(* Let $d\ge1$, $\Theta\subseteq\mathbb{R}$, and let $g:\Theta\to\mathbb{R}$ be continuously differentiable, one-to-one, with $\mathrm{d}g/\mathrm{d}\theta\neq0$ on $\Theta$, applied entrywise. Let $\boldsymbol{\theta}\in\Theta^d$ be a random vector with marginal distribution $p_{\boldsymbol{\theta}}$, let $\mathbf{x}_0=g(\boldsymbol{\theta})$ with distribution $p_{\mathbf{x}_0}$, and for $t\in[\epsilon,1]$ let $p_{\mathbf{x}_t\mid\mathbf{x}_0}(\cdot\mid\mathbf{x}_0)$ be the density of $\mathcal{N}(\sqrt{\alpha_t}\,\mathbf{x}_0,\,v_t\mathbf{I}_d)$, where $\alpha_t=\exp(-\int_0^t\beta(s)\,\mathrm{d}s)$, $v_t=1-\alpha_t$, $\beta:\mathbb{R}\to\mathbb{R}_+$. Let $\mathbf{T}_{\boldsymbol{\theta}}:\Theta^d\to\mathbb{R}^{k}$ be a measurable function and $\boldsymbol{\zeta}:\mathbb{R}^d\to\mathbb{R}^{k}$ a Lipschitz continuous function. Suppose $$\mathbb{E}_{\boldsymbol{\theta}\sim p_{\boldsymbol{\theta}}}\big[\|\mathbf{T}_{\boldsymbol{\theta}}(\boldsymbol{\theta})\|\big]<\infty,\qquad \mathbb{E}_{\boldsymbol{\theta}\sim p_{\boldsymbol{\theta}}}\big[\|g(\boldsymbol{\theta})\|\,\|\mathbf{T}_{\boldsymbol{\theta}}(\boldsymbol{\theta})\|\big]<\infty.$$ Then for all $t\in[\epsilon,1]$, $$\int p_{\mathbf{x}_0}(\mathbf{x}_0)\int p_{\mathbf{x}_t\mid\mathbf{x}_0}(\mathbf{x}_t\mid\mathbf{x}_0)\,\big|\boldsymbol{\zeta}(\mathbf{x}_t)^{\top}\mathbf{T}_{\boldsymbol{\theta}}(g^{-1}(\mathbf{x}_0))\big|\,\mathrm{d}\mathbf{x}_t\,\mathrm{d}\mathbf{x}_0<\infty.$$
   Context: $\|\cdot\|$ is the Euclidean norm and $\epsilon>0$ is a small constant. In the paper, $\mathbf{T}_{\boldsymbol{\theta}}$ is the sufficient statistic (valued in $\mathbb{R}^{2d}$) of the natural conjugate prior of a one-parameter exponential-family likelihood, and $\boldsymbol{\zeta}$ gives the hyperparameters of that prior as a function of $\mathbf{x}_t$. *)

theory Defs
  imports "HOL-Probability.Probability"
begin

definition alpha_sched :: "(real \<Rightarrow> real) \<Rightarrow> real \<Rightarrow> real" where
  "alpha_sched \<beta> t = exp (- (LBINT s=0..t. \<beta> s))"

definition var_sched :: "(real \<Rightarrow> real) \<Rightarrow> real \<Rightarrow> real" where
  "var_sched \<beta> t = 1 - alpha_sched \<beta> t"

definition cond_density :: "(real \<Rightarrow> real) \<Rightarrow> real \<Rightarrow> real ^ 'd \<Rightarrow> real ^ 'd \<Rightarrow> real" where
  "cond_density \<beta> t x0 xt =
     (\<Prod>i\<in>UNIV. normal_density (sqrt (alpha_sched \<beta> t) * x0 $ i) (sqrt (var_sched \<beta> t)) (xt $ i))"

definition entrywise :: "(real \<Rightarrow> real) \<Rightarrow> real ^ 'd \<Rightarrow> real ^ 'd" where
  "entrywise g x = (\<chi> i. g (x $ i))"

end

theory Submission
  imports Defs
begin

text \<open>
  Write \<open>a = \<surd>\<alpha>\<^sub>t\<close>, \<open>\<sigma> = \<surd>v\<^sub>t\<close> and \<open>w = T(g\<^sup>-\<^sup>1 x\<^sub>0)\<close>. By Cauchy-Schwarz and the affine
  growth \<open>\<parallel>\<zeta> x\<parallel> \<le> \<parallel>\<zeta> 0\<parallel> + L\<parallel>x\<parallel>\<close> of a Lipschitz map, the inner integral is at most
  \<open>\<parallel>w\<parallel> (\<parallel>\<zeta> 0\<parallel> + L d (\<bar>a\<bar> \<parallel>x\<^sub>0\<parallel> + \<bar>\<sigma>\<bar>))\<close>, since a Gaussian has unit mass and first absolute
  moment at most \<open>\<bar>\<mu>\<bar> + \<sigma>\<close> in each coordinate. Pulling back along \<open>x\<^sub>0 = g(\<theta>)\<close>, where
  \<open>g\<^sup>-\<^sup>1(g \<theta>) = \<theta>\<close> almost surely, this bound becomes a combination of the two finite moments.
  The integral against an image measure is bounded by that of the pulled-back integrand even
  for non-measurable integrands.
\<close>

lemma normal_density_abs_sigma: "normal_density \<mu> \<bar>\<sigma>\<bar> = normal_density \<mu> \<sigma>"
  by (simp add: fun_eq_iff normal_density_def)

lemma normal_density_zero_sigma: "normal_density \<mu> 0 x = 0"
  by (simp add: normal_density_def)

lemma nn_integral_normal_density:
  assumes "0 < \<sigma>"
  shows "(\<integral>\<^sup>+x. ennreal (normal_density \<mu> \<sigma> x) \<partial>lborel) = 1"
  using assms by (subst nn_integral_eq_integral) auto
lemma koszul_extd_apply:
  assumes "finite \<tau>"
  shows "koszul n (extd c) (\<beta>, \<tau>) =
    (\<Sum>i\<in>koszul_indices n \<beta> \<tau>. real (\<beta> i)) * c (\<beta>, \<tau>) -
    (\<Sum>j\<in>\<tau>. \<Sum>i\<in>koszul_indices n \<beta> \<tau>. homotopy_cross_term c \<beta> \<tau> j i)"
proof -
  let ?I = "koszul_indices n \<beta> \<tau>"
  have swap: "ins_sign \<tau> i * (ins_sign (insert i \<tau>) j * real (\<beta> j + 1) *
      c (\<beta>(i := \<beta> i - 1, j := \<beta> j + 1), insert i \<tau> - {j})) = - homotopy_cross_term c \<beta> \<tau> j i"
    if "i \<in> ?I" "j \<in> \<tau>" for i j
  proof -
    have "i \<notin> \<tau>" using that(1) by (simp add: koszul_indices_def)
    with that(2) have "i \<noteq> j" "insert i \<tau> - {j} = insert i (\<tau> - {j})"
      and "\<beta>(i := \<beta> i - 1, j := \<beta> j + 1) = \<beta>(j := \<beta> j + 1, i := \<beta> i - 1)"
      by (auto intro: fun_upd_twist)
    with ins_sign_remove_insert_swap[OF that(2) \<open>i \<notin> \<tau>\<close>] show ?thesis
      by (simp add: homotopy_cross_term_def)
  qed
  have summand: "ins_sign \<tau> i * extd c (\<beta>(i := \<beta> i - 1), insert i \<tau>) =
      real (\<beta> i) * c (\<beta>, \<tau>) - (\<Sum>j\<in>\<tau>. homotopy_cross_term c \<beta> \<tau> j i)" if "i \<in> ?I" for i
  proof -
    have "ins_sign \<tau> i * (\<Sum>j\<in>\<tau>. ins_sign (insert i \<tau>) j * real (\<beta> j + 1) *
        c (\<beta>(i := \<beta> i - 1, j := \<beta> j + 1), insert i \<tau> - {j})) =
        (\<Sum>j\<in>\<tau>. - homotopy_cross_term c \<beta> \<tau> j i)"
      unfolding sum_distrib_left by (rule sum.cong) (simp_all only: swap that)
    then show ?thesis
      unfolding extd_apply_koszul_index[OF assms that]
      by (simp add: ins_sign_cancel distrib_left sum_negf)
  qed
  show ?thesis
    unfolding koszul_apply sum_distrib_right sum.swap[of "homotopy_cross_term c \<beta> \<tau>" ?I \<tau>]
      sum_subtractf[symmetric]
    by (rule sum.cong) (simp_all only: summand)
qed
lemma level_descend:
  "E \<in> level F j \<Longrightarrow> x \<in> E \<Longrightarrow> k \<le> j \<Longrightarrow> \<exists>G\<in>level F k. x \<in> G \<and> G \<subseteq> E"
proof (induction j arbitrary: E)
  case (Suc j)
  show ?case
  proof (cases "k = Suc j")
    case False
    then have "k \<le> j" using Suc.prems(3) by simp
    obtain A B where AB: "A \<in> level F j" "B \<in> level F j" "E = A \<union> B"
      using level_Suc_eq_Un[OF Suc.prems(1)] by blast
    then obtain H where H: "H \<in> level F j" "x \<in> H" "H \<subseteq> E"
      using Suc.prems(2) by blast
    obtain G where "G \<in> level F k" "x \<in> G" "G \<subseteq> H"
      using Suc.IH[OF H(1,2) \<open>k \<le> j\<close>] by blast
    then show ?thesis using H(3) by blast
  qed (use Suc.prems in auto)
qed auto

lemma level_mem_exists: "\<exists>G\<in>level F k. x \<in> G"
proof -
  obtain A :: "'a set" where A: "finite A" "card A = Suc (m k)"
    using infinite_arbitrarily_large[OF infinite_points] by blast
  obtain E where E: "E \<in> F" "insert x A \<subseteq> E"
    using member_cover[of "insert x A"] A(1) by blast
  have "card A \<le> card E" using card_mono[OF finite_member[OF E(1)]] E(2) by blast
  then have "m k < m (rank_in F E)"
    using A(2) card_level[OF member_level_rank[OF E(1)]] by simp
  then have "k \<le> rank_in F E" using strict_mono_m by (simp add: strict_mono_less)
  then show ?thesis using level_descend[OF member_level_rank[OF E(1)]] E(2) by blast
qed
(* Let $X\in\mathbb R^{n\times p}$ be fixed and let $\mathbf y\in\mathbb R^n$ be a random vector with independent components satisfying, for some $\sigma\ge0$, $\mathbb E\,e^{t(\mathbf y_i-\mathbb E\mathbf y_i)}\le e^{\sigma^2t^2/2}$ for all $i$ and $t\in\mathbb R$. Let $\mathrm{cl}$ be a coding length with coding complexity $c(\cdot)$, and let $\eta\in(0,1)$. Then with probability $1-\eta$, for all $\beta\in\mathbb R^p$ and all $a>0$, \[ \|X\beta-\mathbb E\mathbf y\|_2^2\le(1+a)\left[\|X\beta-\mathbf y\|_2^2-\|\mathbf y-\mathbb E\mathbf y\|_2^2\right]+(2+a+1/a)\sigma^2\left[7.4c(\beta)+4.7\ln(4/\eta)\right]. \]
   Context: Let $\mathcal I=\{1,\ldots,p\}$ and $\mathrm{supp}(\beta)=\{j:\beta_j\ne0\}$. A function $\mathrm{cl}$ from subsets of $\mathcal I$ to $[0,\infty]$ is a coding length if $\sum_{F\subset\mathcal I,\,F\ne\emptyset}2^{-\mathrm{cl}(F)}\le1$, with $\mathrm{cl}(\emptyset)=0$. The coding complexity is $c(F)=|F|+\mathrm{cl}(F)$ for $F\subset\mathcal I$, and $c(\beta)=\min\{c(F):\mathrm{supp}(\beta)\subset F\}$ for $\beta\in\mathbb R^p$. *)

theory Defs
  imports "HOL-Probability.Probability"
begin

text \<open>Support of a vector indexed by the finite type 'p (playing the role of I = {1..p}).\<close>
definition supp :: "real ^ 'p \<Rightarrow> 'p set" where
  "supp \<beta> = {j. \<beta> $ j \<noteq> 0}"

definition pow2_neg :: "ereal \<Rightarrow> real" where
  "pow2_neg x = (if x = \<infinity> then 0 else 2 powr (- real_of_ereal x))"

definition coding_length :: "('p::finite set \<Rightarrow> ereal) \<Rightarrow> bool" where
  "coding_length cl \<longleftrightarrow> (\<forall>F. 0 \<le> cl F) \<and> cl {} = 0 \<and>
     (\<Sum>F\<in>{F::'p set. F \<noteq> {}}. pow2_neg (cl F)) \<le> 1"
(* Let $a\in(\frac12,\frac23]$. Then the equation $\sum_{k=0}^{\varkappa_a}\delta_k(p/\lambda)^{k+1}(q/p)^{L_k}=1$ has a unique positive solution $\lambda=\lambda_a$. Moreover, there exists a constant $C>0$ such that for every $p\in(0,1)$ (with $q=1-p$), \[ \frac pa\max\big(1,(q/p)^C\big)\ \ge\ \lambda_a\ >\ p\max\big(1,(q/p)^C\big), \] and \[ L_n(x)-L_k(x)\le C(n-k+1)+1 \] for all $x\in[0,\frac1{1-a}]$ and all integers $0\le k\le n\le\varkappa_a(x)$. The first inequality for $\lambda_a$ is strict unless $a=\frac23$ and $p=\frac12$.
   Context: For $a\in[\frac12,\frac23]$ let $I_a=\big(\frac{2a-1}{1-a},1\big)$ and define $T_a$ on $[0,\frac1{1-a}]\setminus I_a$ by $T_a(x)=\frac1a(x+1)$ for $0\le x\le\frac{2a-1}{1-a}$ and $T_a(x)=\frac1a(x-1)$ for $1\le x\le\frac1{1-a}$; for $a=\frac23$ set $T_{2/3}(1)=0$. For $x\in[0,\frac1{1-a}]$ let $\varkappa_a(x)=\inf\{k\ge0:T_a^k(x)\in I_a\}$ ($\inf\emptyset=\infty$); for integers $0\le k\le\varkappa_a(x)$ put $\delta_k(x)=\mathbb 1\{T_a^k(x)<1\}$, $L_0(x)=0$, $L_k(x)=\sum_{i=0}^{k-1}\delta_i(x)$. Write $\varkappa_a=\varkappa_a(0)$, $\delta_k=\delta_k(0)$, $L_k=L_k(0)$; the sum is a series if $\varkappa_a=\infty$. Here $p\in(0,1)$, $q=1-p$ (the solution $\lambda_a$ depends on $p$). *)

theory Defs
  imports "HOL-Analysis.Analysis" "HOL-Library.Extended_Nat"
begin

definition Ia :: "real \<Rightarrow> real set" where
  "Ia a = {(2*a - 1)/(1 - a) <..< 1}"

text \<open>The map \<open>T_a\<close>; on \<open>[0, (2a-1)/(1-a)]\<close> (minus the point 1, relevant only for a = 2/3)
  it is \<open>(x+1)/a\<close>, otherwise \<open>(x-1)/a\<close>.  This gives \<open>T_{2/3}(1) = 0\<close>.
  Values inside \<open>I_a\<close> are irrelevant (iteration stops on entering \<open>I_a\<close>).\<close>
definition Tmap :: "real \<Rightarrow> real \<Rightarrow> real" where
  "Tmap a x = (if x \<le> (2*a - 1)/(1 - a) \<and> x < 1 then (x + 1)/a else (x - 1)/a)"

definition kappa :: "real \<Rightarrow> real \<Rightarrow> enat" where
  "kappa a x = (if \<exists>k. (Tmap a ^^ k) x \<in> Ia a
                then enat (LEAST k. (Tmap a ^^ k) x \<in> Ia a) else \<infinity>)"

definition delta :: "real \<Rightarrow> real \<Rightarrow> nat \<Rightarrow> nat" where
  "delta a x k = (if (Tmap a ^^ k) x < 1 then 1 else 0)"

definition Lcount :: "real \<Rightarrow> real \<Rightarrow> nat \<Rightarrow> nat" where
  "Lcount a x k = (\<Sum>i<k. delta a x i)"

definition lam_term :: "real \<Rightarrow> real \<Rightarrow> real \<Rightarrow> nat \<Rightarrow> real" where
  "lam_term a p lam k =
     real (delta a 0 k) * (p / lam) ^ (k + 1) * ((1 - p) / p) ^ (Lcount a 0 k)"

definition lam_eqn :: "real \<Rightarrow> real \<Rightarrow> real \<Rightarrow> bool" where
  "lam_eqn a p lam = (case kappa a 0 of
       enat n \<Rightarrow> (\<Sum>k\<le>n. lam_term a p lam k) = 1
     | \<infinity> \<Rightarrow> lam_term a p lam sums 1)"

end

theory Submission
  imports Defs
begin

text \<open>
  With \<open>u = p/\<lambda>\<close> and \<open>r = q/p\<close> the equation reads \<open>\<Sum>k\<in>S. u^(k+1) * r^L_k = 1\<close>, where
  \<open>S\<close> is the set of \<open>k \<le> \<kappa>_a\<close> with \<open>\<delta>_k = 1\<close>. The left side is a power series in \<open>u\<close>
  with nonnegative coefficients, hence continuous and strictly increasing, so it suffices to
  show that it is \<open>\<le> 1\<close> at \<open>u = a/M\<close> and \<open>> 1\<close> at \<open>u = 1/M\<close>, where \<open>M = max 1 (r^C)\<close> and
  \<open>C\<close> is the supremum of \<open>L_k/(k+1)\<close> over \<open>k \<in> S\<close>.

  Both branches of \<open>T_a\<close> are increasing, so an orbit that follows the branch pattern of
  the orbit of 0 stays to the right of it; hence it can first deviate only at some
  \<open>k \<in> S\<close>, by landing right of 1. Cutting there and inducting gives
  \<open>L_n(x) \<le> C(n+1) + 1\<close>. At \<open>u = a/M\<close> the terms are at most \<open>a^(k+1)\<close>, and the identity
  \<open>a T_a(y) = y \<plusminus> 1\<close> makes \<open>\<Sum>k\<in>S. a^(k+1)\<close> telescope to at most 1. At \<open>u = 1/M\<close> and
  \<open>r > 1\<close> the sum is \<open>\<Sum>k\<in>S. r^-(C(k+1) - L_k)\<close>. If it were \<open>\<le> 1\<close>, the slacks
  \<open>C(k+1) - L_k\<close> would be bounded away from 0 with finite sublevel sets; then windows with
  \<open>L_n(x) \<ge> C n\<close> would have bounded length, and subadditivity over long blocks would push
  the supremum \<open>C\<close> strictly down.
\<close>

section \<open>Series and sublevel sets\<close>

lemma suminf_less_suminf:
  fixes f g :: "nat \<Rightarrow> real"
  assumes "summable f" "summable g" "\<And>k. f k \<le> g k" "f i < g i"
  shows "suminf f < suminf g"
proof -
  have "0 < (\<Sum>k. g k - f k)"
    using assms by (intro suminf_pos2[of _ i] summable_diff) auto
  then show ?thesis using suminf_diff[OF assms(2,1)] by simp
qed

#### [Problem description]
Set out exactly the run of lines that begins at the line holding "At \<open>u = 1/M\<close> and" and ends at the last line of the data.

#### [Task solution]
  \<open>a T_a(y) = y \<plusminus> 1\<close> makes \<open>\<Sum>k\<in>S. a^(k+1)\<close> telescope to at most 1. At \<open>u = 1/M\<close> and
  \<open>r > 1\<close> the sum is \<open>\<Sum>k\<in>S. r^-(C(k+1) - L_k)\<close>. If it were \<open>\<le> 1\<close>, the slacks
  \<open>C(k+1) - L_k\<close> would be bounded away from 0 with finite sublevel sets; then windows with
  \<open>L_n(x) \<ge> C n\<close> would have bounded length, and subadditivity over long blocks would push
  the supremum \<open>C\<close> strictly down.
\<close>

section \<open>Series and sublevel sets\<close>

lemma suminf_less_suminf:
  fixes f g :: "nat \<Rightarrow> real"
  assumes "summable f" "summable g" "\<And>k. f k \<le> g k" "f i < g i"
  shows "suminf f < suminf g"
proof -
  have "0 < (\<Sum>k. g k - f k)"
    using assms by (intro suminf_pos2[of _ i] summable_diff) auto
  then show ?thesis using suminf_diff[OF assms(2,1)] by simp
qed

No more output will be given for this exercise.